AIMS DARE TO SUCCESS MADE IN INDIA

Friday, 22 December 2017

ECONOMY AFFAIRS DECEMBER 2013

ECONOMY AFFAIRS DECEMBER 2013
  • As part of a CSR initiative, energy major Oil India has decided to step into dairy sector and has signed an agreement with Institute of Rural Management, Anand (IRMA) to carry out a feasibility study. According to company sources, a detailed project report (DPR) will be prepared after the study in two districts of Assam where Oil India Ltd (OIL) has significant presence. "It is going to be significant CSR initiative of the company. This project is aimed at filling the gap in milk production in North East and giving employment opportunity to the youths of Assam," a source said on 28 December. The state-run OIL has signed an MoU with IRMA in Gujarat around 10 days ago for the study that will cover select villages in Dibrugarh and Tinsukia districts of the state. The project is planned to be developed on the lines of the 'Amul' model. The study funded by OIL will focus on the prospects of developing a cooperative dairy project in Assam. The feasibility study will focus on quantitative, qualitative and participatory methods of enquiry where secondary data will be collected from various sources, helping the company to identify dairying as an alternative source of livelihood, he added. Earlier in July this year, OIL Chairman and MD Sunil Kumar Srivastava had said the company plans to tie up with the Assam government to start a cooperative dairy business in the lines of Gujarat's successful 'Amul' model. The project named 'Kamdhenu' envisaged setting up a milk production facility in Upper Assam to establish the dairy business in 3 to 5 years, he had said.
  • A three-way joint venture between Steel Authority of India (SAIL), Rashtriya Ispat Nigam Ltd. (RINL) and MOIL (formerly known as Manganese Ore India Ltd.) to produce ferro alloys is on the cards with the earlier two separately proposed between SAIL-MOIL and MOIL-RINL having virtually been scrapped. MOIL had inked two separate joint venture pacts with SAIL and RINL to set up two ferro alloy plants with a total outlay of Rs.600 crore. Ferro alloys are used in steel-making for de-oxidising purposes. The Rs.400-crore joint venture between SAIL and MOIL was proposed to be set up in Chhattisgarh with an annual capacity of one lakh tonne per annum. The Rs.200 crore venture between RINL-MOIL in Andhra Pradesh was supposed to manufacture 50,000 tonnes of ferro alloys a year. While power shortage was the primary reason for scrapping the RINL-MOIL joint venture; till recently SAIL was maintaining that the proposed venture with MOIL was not yet scrapped. Meanwhile, a committee has been set up comprising members from all the three state-run firms under the Steel Ministry to work on the shareholding pattern, proposed capacity and likely investment for the three-way venture, a top management in one of the three firms said.
  • The Union Cabinet on 19th December approved the stand taken by India at the Ninth Ministerial Conference of the WTO held in Bali, Indonesia during 3-7 December 2013.
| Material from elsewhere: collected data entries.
(* For each $s\in\{2,3,4\}$ we have $L_s(r)>0$ for all real $r\in(2,\infty)$. Furthermore, for $s\in\{3,4\}$ we also have $L_s(2)>0$.
   Context: For an integer $s\ge2$ and real $r\ge2$ (with $rs-r-s>0$), define \[ L_s(r)=L(r,s)=\frac rs\log(s-1)+(r-1)\log(r-1)-\frac{rs-r-s}{s}\log r-\frac{rs-r-s}{s(s-1)}\log(rs-r-s). \] *)

theory Defs
  imports Complex_Main
begin

definition L :: "real \<Rightarrow> nat \<Rightarrow> real" where
  "L r s = r / real s * ln (real s - 1) + (r - 1) * ln (r - 1)
     - (r * real s - r - real s) / real s * ln r
     - (r * real s - r - real s) / (real s * (real s - 1)) * ln (r * real s - r - real s)"

end

theory Submission
  imports Defs
begin

text \<open>
  For \<open>s = 2\<close> the positivity of \<open>L r 2 = (r-1) ln(r-1) - (r-2)/2 \<cdot> ln(r(r-2))\<close> is
  the inequality \<open>r(r-2) < (r-1)\<^sup>2\<close>. For \<open>s = 3, 4\<close> the values at \<open>r = 2\<close> are positive
  (\<open>L 2 4 > 0\<close> amounts to \<open>16 < 27\<close>), and \<open>L\<close> is increasing in \<open>r \<ge> 2\<close>: bounding \<open>ln m\<close>,
  \<open>m = rs - r - s\<close>, by \<open>ln x \<le> x - 1\<close> at \<open>x = m/(m+1)\<close>, and \<open>ln r - ln(r-1)\<close> by
  \<open>ln y \<le> (y - 1/y)/2\<close> at \<open>y = r/(r-1)\<close>, reduces the positivity of \<open>\<partial>L/\<partial>r\<close> to
  \<open>s\<^sup>2 - 1 < 2rs\<close>, which holds for \<open>s \<le> 4 \<le> 2r\<close>.
\<close>

lemma ln_le_half_diff_inverse:
  fixes y :: real
  assumes "1 \<le> y"
  shows "ln y \<le> (y - 1 / y) / 2"
proof -
  define f where "f y = (y - 1 / y) / 2 - ln y" for y :: real
  have "f 1 \<le> f y"
  proof (rule DERIV_nonneg_imp_nondecreasing[OF assms])
    fix x :: real assume "1 \<le> x" "x \<le> y"
    then have "(f has_real_derivative (x - 1)\<^sup>2 / (2 * x\<^sup>2)) (at x)"
      unfolding f_def
      by (auto intro!: derivative_eq_intros simp: field_simps power2_eq_square)
    then show "\<exists>d. (f has_real_derivative d) (at x) \<and> 0 \<le> d"
      by auto
  qed
  then show ?thesis by (simp add: f_def)
qed

definition scaled_L_deriv :: "real \<Rightarrow> real \<Rightarrow> real" where
  "scaled_L_deriv r s = ln (s - 1) + s * ln (r - 1) + s - 1 - (s - 1) * ln r
     - (r * s - r - s) / r - ln (r * s - r - s)"

lemma L_has_real_derivative:
  fixes s :: nat
  assumes "2 \<le> s" and m_pos: "x * real s - x - real s > 0"
  shows "((\<lambda>r. L r s) has_real_derivative scaled_L_deriv x (real s) / real s) (at x)"
proof -
  have "real s > 1"
    using assms(1) by simp
  moreover from m_pos have "(x - 1) * (real s - 1) > 1"
    by (simp add: algebra_simps)
  ultimately have "x - 1 > 0"
    by (smt (verit) zero_less_mult_iff)
  with \<open>real s > 1\<close> m_pos show ?thesis
    unfolding L_def scaled_L_deriv_def
    by (auto intro!: derivative_eq_intros) (simp add: field_simps)
qed

lemma scaled_L_deriv_pos:
  fixes r s :: real
  assumes s: "2 < s" "s \<le> 4" and r: "2 \<le> r"
  shows "scaled_L_deriv r s > 0"
proof -
  define m where "m = r * s - r - s"
  have m_succ: "(s - 1) * (r - 1) = m + 1"
    by (simp add: m_def algebra_simps)
  have "s - 1 \<le> (s - 1) * (r - 1)"
    using mult_left_mono[of 1 "r - 1" "s - 1"] s r by simp
  then have "m > 0"
    using s m_succ by linarith
  have "ln (m / (m + 1)) \<le> m / (m + 1) - 1"
    using \<open>m > 0\<close> by (intro ln_le_minus_one) auto
  moreover have "m / (m + 1) - 1 = - 1 / (m + 1)"
    using \<open>m > 0\<close> by (simp add: field_simps)
  ultimately have ln_m: "ln m \<le> ln (m + 1) - 1 / (m + 1)"
    using \<open>m > 0\<close> by (simp add: ln_div)
  have ln_succ: "ln (m + 1) = ln (s - 1) + ln (r - 1)"
    using s r by (simp add: m_succ[symmetric] ln_mult)
  have "ln (r / (r - 1)) \<le> (r / (r - 1) - (r - 1) / r) / 2"
    using ln_le_half_diff_inverse[of "r / (r - 1)"] r by simp
  then have ln_r: "ln r - ln (r - 1) \<le> (2 * r - 1) / (2 * r * (r - 1))"
    using r by (simp add: ln_div field_simps)
  have "r \<noteq> 0" "r - 1 \<noteq> 0" "s - 1 \<noteq> 0"
    using s r by auto
  then have rational_part:
    "s / r + 1 / (m + 1) - (s - 1) * ((2 * r - 1) / (2 * r * (r - 1)))
      = (2 * r * s + 1 - s\<^sup>2) / (2 * r * (r - 1) * (s - 1))"
    unfolding m_succ[symmetric]
    by (simp add: divide_simps power2_eq_square) (simp add: algebra_simps)
  have "s\<^sup>2 \<le> 2 * r * s"
    using mult_right_mono[of s "2 * r" s] s r by (simp add: power2_eq_square)
  then have "(2 * r * s + 1 - s\<^sup>2) / (2 * r * (r - 1) * (s - 1)) > 0"
    using s r by (intro divide_pos_pos) auto
  moreover have "(s - 1) * (ln r - ln (r - 1)) \<le> (s - 1) * ((2 * r - 1) / (2 * r * (r - 1)))"
    using ln_r s by (intro mult_left_mono) auto
  moreover have "(s - 1) * (ln r - ln (r - 1)) = (s - 1) * ln r - s * ln (r - 1) + ln (r - 1)"
    by (simp add: algebra_simps)
  moreover have "m / r = s - 1 - s / r"
    using r by (simp add: m_def field_simps)
  ultimately show ?thesis
    using ln_m ln_succ rational_part unfolding scaled_L_deriv_def m_def[symmetric] by linarith
qed

lemma L_strict_mono_on:
  fixes s :: nat
  assumes "3 \<le> s" "s \<le> 4"
  shows "strict_mono_on {2..} (\<lambda>r. L r s)"
proof (rule strict_mono_onI)
  fix a b :: real assume "a \<in> {2..}" "a < b"
  show "L a s < L b s"
  proof (rule DERIV_pos_imp_increasing[OF \<open>a < b\<close>])
    fix x assume "a \<le> x" "x \<le> b"
    with \<open>a \<in> {2..}\<close> have "x \<ge> 2" by simp
    have "(x - 1) * (real s - 1) \<ge> 1 * 2"
      using \<open>x \<ge> 2\<close> assms by (intro mult_mono) auto
    then have "x * real s - x - real s > 0"
      by (simp add: algebra_simps)
    moreover have "scaled_L_deriv x (real s) / real s > 0"
      using scaled_L_deriv_pos[of "real s" x] \<open>x \<ge> 2\<close> assms by simp
    ultimately show "\<exists>y. ((\<lambda>r. L r s) has_real_derivative y) (at x) \<and> 0 < y"
      using L_has_real_derivative[of s x] assms by auto
  qed
qed

lemma L_2_3_pos: "L 2 3 > 0"
  by (simp add: L_def)

lemma L_2_4_pos: "L 2 4 > 0"
proof -
  have "ln (2 ^ 4 :: real) < ln (3 ^ 3)"
    by simp
  then have "4 * ln (2 :: real) < 3 * ln 3"
    by (simp only: ln_realpow)
  then show ?thesis
    by (simp add: L_def)
qed

lemma L_r_2_pos:
  fixes r :: real
  assumes "r > 2"
  shows "L r 2 > 0"
proof -
  have "0 < r * (r - 2)"
    using assms by simp
  then have "ln (r * (r - 2)) < ln ((r - 1)\<^sup>2)"
    by (subst ln_less_cancel_iff) (auto simp: power2_eq_square algebra_simps)
  then have "ln r + ln (r - 2) < 2 * ln (r - 1)"
    using assms by (simp add: ln_mult ln_realpow)
  then have "(r - 2) / 2 * (ln r + ln (r - 2)) < (r - 2) / 2 * (2 * ln (r - 1))"
    using assms by (intro mult_strict_left_mono) auto
  moreover have "(r - 2) / 2 * (2 * ln (r - 1)) = (r - 1) * ln (r - 1) - ln (r - 1)"
    by (simp add: field_simps)
  moreover have "ln (r - 1) > 0"
    using assms by simp
  moreover have "L r 2 = (r - 1) * ln (r - 1) - (r - 2) / 2 * (ln r + ln (r - 2))"
    by (simp add: L_def field_simps)
  ultimately show ?thesis
    by linarith
qed

theorem lemma6p1:
  shows "(\<forall>s\<in>{2,3,4::nat}. \<forall>r::real. r > 2 \<longrightarrow> L r s > 0)
       \<and> (\<forall>s\<in>{3,4::nat}. L 2 s > 0)"
proof -
  have "L r s > 0" if "s \<in> {3, 4}" "r > 2" for s :: nat and r :: real
  proof -
    have "L 2 s < L r s"
      using L_strict_mono_on[of s] that by (auto intro: strict_mono_onD)
    moreover have "L 2 s > 0"
      using that L_2_3_pos L_2_4_pos by auto
    ultimately show ?thesis by linarith
  qed
  then show ?thesis
    using L_r_2_pos L_2_3_pos L_2_4_pos by auto
qed

end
    The two key issues for the Ninth Ministerial Conference of the WTO were Trade Facilitation and a proposal on Food Security. While the accumulation and holding of public stocks for food security purposes is classified as non trade-distorting, procurement at administered prices (Minimum Support Prices in India) is considered to be implicitly trade distorting and is, therefore, subject to a limit under WTO rules. Since the limit can be a constraint on the procurement operations of developing countries, India, along with other developing countries submitted a proposal in the WTO for a suitable amendment in the rules to address this issue. During the conference, ministers agreed on a decision that provides for an interim period of protection to public stockholding programmes for food security purposes of developing country members from being challenged in the WTO, on the grounds of exceeding the support which they are entitled to provide. It further provides that members must agree on a permanent solution on this issue for adoption by the 11th Ministerial Conference of the WTO.

    This Decision ensures that trade rules in respect of agriculture do not come in the way of initiatives aimed at self-sufficiency in food and stabilization of domestic prices. As a result of the decision, procurement operations of developing countries will not be constrained by their existing farm support limits. Developing countries will be able to run food security programmes for their under-nourished and hungry populations without the fear of violating WTO rules under the Agreement on Agriculture. Prior to the Bali Ministerial Conference, the Cabinet had provided directions to the Commerce and Industry Minister on the stand to be taken by India. Acting on these directions, India took the position from the beginning that food security was non-negotiable and maintained its position that until a permanent solution to the issue was found, the interim mechanism must not be terminated. As a result of its unwavering stand and the support it was able to muster, India succeeded in getting the text on Food Security appropriately amended.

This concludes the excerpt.